GBS carriage can be detected during pregnancy by taking a swab of both the vagina and rectum for special culture. Physicians who culture for GBS carriage during prenatal visits should do so late in pregnancy (35-37 weeks’ gestation). Cultures collected earlier do not accurately predict whether a mother will have GBS at delivery.

A positive culture result means that the mother carries GBS -- not that she or her baby will definitely become ill. Women who carry GBS should not be given oral antibiotics before labor because antibiotic treatment at this time does not prevent GBS disease in newborns. An exception to this is when GBS is identified in urine during pregnancy. GBS in the urine should be treated at the time it is diagnosed. Carriage of GBS, in either the vagina or rectum, becomes important at the time of labor and delivery -- when antibiotics are effective in preventing the spread of GBS from mother to baby.

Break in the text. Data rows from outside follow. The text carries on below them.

(* If 1/z - m is close to I, then 1/z is close to a real p >= m + gamma0 >= 1 + gamma0,
   so z is close to 1/p, a point of J. *)
lemma near_J_if_notin_U:
  assumes "\<epsilon> \<le> (1 + \<gamma>0) / 4" "1 \<le> m" "z \<noteq> 0" "inverse z - of_nat m \<notin> U \<epsilon>"
  shows "\<exists>y\<in>J. dist y z < 4 * \<epsilon> / (1 + \<gamma>0)\<^sup>2"
proof -
  define d where "d = 1 + \<gamma>0"
  define w where "w = inverse z"
  have "0 < d" "w \<noteq> 0"
    using \<gamma>0_gt \<open>z \<noteq> 0\<close> by (auto simp: d_def w_def)
  have h: "\<gamma>0 - \<epsilon> < Re w - m" "Re w - m < \<gamma>1 + \<epsilon>" "\<bar>Im w\<bar> < \<epsilon>"
    using assms(4) by (auto simp: Ueps_def w_def)
  define p where "p = m + max \<gamma>0 (min \<gamma>1 (Re w - m))"
  have "\<bar>Re w - p\<bar> < \<epsilon>"
    using h by (auto simp: p_def)
  have "d \<le> p"
    using \<open>1 \<le> m\<close> by (simp add: p_def d_def)
  have wp: "norm (w - of_real p) < 2 * \<epsilon>"
    using cmod_le[of "w - of_real p"] \<open>\<bar>Re w - p\<bar> < \<epsilon>\<close> h(3) by simp
  have "p \<le> norm w + 2 * \<epsilon>"
    using norm_triangle_ineq2[of "of_real p" w] wp \<open>0 < d\<close> \<open>d \<le> p\<close>
    by (simp add: norm_minus_commute)
  then have "d / 2 \<le> norm w"
    using \<open>d \<le> p\<close> assms(1) by (simp add: d_def)
  have "complex_of_real (1 / p) \<in> J"
    using \<open>d \<le> p\<close> \<open>0 < d\<close> by (auto simp: mem_cinterval_iff d_def intro!: divide_left_mono)
  moreover have "dist (complex_of_real (1 / p)) z < 4 * \<epsilon> / d\<^sup>2"
  proof -
    have "complex_of_real (1 / p) - z = (w - of_real p) / (w * of_real p)"
      using \<open>w \<noteq> 0\<close> \<open>0 < d\<close> \<open>d \<le> p\<close> by (simp add: w_def field_simps)
    then have "dist (complex_of_real (1 / p)) z = norm (w - of_real p) / (norm w * p)"
      using \<open>0 < d\<close> \<open>d \<le> p\<close> by (simp add: dist_norm norm_divide norm_mult)
    also have "\<dots> < 2 * \<epsilon> / (norm w * p)"
      using wp \<open>w \<noteq> 0\<close> \<open>0 < d\<close> \<open>d \<le> p\<close> by (intro divide_strict_right_mono) auto
    also have "\<dots> \<le> 2 * \<epsilon> / (d / 2 * d)"
      using h(3) \<open>d / 2 \<le> norm w\<close> \<open>d \<le> p\<close> \<open>0 < d\<close>
      by (intro divide_left_mono mult_mono mult_pos_pos) auto
    also have "\<dots> = 4 * \<epsilon> / d\<^sup>2"
      by (simp add: field_simps power2_eq_square)
    finally show ?thesis .
  qed
  ultimately show ?thesis
    unfolding d_def by blast
qed
lemma sin_mult_pi_neq_0:
  assumes "0 < \<alpha>" "\<alpha> < 1" "0 < m"
    and not_rational: "\<And>q::nat. 0 < q \<Longrightarrow> q < m \<Longrightarrow> \<alpha> \<noteq> real q / real m"
  shows "sin (real m * \<alpha> * pi) \<noteq> 0"
proof
  assume "sin (real m * \<alpha> * pi) = 0"
  then obtain i :: int where "real m * \<alpha> * pi = real_of_int i * pi"
    using sin_zero_iff_int2 by blast
  then have i: "real m * \<alpha> = real_of_int i"
    by simp
  have "0 < real_of_int i" "real_of_int i < real m"
    using assms(1-3) unfolding i[symmetric] by simp_all
  then have "0 < nat i" "nat i < m"
    by linarith+
  moreover have "\<alpha> = real (nat i) / real m"
    using i \<open>0 < real_of_int i\<close> assms(3) by (simp add: field_simps)
  ultimately show False
    using not_rational by blast
qed

lemma Robin_corner_coeff_eq_0:
  assumes "open S" "smooth_on S u" "h > 0" "norm em = 1" "ep = rot (\<alpha> * pi) em"
    and "seg x0 ep h \<subseteq> S" "seg x0 em h \<subseteq> S"
    and "\<forall>x\<in>seg x0 ep h. dirderiv (rot (pi / 2) ep) u x + Cp * u x = 0"
    and "\<forall>x\<in>seg x0 em h. dirderiv (rot (pi / 2) em) u x + Cm * u x = 0"
    and "m \<ge> 1" "sin (real m * \<alpha> * pi) \<noteq> 0"
    and lower: "\<And>vs. length vs < m \<Longrightarrow> iderv vs u x0 = 0"
    and rep: "\<And>vs. length vs = m \<Longrightarrow> iderv vs u x0 = Re (\<gamma> * prod_list (map to_complex vs))"
  shows "\<gamma> = 0"
proof -
  have "to_complex ep ^ m = cis (- (\<alpha> * pi)) ^ m * to_complex em ^ m"
    by (simp add: assms(5) to_complex_rot power_mult_distrib)
  also have "cis (- (\<alpha> * pi)) ^ m = cis (- (real m * \<alpha> * pi))"
    by (simp only: Complex.DeMoivre) (simp add: algebra_simps)
  finally have "to_complex ep ^ m = to_complex em ^ m * cis (- (real m * \<alpha> * pi))"
    by (simp add: mult.commute)
  moreover have "Re (\<gamma> * cis (- (pi / 2)) * to_complex ep ^ m) = 0"
    by (rule Robin_seg_Re_eq_0[OF assms(1,2,6,3,8,10) lower rep]) (use assms(10) in simp)
  moreover have "Re (\<gamma> * cis (- (pi / 2)) * to_complex em ^ m) = 0"
    by (rule Robin_seg_Re_eq_0[OF assms(1,2,7,3,9,10) lower rep]) (use assms(10) in simp)
  moreover have "sin (- (real m * \<alpha> * pi)) \<noteq> 0"
    using assms(11) by simp
  ultimately have "\<gamma> * cis (- (pi / 2)) * to_complex em ^ m = 0"
    using complex_eq_0_if_Re_and_Re_rotated_eq_0 by (metis mult.assoc)
  then show ?thesis
    using \<open>norm em = 1\<close> by (auto simp: to_complex_eq_0_iff)
qed

theorem theorem3p6:
  fixes \<Omega> :: "(real^2) set" and u :: "real^2 \<Rightarrow> real"
    and lam h \<alpha> C1 :: real and x0 em ep :: "real^2" and n :: nat
  assumes "open \<Omega>" and "lam > 0"
    and "smooth_on \<Omega> u"
    and "set_integrable lebesgue \<Omega> (\<lambda>x. (u x)\<^sup>2)"
    and "\<forall>x\<in>\<Omega>. - laplacian u x = lam * u x"
    and "x0 \<in> \<Omega>" and "h > 0" and "0 < \<alpha>" and "\<alpha> < 1"
    and "norm em = 1" and "ep = rot (\<alpha> * pi) em"
    and "seg x0 ep h \<subseteq> \<Omega>" and "seg x0 em h \<subseteq> \<Omega>"
    and "\<forall>x\<in>seg x0 ep h. dirderiv (rot (pi/2) ep) u x = 0"
    and "C1 \<noteq> 0"
    and "\<forall>x\<in>seg x0 em h. dirderiv (rot (pi/2) em) u x + C1 * u x = 0"
    and "n \<ge> 3"
    and "u x0 = 0"
    and "\<forall>p q :: nat. 1 \<le> q \<longrightarrow> q < p \<longrightarrow> p \<le> n - 1 \<longrightarrow> \<alpha> \<noteq> real q / real p"
  shows "vanishes_to_order u x0 n"
proof -
  have "iderv ws u x0 = 0" if "m < n" "set ws \<subseteq> coord_dirs" "length ws = m" for m ws
    using that
  proof (induction m arbitrary: ws rule: less_induct)
    case (less m)
    have lower: "iderv vs u x0 = 0" if "length vs < m" for vs
      using iderv_eq_Re_prod_if_coords[OF assms(1,3,6), of "length vs" 0 vs] less that by simp
    show ?case
    proof (cases "m = 0")
      case True
      then show ?thesis using less.prems \<open>u x0 = 0\<close> by simp
    next
      case False
      then have "m \<ge> 1"
        by simp
      have "\<And>ws. set ws \<subseteq> coord_dirs \<Longrightarrow> length ws + 2 = m \<Longrightarrow> iderv ws u x0 = 0"
        using lower by simp
      then obtain \<gamma> where \<gamma>: "\<And>vs. length vs = m \<Longrightarrow> iderv vs u x0 = Re (\<gamma> * prod_list (map to_complex vs))"
        using helmholtz_derivs_eq_Re_prod[OF assms(1,3,6,5)] by blast
      have "\<forall>x\<in>seg x0 ep h. dirderiv (rot (pi / 2) ep) u x + 0 * u x = 0"
        using assms(14) by simp
      moreover have "sin (real m * \<alpha> * pi) \<noteq> 0"
        using sin_mult_pi_neq_0[OF assms(8,9), of m] \<open>m \<ge> 1\<close> less.prems assms(19) by auto
      ultimately have "\<gamma> = 0"
        using Robin_corner_coeff_eq_0[OF assms(1,3,7,10,11,12,13) _ assms(16) \<open>m \<ge> 1\<close> _ lower \<gamma>]
        by blast
      then show ?thesis
        using \<gamma> less.prems by simp
    qed
  qed
  then show ?thesis
    unfolding vanishes_to_order_def by blast
qed

end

Can GBS In Newborns Be Prevented?

Giving certain pregnant women antibiotics through the vein during labor can prevent most GBS disease in newborns. Any pregnant woman who previously had a baby with GBS disease or who has a urinary tract infection caused by GBS should receive antibiotics during labor.

Pregnant women who carry GBS should be offered antibiotics at the time of labor or membrane rupture. GBS carriers at highest risk are those with any of the following conditions:

  • fever during labor
  • rupture of membranes (water breaking) 18 hours or more before delivery
  • labor or rupture of membranes before 37 weeks

Women who carry GBS but do not develop any of these complications have a relatively low risk of delivering an infant with GBS disease. The decision to take antibiotics during labor should balance risks and benefits. Penicillin is very effective at preventing GBS disease in the newborn and is generally safe. A GBS carrier with none of the conditions above has the following risks:

  • 1 in 200 chance of delivering a baby with GBS disease if antibiotics are not given
  • 1 in 4,000 chance of delivering a baby with GBS disease if antibiotics are given
  • 1 in 10 chance, or lower, of experiencing a mild allergic reaction to penicillin (such as rash)
  • 1 in 10,000 chance of developing a severe allergic reaction (anaphylaxis) to penicillin. Anaphylaxis requires emergency treatment and can be life-threatening.

If a prenatal culture for GBS was not done or the results are not available, physicians may give antibiotics to women with one or more of the risk conditions listed above.


What Research Is Being Done On Prevention Of GBS Disease?

In spite of testing and antibiotic treatment, some babies still get GBS disease. Vaccines to prevent GBS disease are being developed. In the future, women who are vaccinated may make antibodies that cross the placenta and protect the baby during birth and early infancy.